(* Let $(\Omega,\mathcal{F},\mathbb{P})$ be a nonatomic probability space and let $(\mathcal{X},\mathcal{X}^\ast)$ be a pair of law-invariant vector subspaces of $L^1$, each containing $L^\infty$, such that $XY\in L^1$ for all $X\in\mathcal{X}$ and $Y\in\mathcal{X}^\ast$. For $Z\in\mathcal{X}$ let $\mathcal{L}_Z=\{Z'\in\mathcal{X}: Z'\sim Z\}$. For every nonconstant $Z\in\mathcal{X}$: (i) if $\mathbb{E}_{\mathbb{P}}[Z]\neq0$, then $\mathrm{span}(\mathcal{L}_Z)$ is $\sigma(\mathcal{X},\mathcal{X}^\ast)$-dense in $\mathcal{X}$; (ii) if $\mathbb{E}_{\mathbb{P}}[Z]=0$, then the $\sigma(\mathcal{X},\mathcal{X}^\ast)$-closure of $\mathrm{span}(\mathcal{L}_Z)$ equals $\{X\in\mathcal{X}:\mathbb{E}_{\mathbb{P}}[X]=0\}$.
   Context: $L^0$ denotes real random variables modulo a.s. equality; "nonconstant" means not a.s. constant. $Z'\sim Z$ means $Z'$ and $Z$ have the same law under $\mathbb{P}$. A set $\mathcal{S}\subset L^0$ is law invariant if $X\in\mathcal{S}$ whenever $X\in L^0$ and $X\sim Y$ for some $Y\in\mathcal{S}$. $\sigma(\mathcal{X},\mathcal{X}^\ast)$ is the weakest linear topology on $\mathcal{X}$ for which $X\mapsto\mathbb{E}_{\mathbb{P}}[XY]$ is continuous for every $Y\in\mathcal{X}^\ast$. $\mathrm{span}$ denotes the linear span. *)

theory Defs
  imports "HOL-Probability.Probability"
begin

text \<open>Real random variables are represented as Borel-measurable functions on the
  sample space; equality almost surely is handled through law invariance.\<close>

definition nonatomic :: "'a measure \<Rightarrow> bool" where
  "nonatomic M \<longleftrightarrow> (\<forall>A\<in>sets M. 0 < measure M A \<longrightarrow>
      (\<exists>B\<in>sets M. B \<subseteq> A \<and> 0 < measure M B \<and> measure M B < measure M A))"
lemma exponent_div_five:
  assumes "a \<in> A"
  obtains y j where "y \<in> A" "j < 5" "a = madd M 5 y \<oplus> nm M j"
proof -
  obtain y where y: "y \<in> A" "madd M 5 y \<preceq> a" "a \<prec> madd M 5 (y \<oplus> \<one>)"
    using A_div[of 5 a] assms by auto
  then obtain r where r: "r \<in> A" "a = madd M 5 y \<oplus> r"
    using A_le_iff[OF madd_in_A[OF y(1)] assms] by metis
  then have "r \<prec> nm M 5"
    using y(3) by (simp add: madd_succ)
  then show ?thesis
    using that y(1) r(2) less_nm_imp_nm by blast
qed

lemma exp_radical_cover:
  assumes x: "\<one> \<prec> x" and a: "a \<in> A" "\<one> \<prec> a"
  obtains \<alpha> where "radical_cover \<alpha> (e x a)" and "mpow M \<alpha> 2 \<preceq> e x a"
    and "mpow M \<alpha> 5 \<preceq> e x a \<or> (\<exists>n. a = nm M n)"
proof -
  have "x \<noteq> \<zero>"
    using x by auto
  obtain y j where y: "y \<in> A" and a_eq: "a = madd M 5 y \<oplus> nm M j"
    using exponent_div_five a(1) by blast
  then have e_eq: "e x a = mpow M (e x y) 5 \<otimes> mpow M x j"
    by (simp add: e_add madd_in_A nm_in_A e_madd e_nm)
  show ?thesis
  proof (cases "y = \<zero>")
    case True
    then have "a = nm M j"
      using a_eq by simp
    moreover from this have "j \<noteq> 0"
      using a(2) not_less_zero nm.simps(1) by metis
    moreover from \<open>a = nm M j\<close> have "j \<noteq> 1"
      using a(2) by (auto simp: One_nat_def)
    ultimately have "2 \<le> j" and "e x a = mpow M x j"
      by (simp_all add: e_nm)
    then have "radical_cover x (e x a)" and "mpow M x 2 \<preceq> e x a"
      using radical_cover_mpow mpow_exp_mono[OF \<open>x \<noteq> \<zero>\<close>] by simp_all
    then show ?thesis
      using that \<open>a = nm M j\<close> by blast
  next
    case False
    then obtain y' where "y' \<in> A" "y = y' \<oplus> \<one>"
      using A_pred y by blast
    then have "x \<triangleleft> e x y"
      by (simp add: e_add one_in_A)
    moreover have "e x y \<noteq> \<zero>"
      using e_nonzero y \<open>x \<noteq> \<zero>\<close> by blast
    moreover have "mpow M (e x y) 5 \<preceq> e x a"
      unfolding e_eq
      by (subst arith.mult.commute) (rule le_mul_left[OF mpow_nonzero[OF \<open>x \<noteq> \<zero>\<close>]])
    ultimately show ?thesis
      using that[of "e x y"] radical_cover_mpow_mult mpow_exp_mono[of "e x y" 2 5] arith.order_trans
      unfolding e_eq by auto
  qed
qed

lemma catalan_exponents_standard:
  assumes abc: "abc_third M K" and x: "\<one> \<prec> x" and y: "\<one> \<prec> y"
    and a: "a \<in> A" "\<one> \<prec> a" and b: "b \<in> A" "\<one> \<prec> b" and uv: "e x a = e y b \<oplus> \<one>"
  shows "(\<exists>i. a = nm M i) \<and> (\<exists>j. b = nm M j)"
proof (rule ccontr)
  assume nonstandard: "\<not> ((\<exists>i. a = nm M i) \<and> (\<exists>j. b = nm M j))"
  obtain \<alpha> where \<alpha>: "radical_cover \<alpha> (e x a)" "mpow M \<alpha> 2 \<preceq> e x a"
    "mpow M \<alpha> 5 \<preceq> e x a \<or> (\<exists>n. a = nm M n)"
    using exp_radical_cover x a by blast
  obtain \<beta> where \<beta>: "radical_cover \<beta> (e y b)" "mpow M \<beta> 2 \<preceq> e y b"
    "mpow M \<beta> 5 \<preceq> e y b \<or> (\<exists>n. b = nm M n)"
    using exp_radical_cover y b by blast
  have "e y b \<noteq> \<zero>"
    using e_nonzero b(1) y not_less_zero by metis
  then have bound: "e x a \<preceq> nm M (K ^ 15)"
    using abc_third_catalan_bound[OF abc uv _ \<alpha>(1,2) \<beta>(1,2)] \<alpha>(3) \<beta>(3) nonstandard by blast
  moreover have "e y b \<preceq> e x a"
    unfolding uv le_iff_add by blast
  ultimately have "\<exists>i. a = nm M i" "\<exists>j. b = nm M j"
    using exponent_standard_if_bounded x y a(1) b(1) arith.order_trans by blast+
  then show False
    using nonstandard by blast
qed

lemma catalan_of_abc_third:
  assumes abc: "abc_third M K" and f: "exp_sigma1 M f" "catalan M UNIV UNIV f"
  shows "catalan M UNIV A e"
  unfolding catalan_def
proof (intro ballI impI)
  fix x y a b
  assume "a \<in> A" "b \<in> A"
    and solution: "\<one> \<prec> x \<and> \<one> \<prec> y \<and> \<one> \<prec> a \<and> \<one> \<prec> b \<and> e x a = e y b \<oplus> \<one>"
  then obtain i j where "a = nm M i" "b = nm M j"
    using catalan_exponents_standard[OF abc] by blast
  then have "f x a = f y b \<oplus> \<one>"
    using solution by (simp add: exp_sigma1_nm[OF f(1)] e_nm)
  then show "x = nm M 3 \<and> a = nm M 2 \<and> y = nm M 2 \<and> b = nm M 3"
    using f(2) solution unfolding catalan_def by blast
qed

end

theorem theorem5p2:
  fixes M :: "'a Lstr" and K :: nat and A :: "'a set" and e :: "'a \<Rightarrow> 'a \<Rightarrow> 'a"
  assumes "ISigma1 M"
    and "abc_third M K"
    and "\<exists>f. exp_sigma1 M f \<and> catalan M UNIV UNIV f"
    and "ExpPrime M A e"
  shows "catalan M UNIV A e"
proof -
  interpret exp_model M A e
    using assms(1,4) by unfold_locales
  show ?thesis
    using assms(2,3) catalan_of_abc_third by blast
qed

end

_WORK TO BE COMPLETED_
Every line that contains "beta" should be copied out of the data.

_TASK SOLUTION_
  obtain \<beta> where \<beta>: "radical_cover \<beta> (e y b)" "mpow M \<beta> 2 \<preceq> e y b"
    "mpow M \<beta> 5 \<preceq> e y b \<or> (\<exists>n. b = nm M n)"
    using abc_third_catalan_bound[OF abc uv _ \<alpha>(1,2) \<beta>(1,2)] \<alpha>(3) \<beta>(3) nonstandard by blast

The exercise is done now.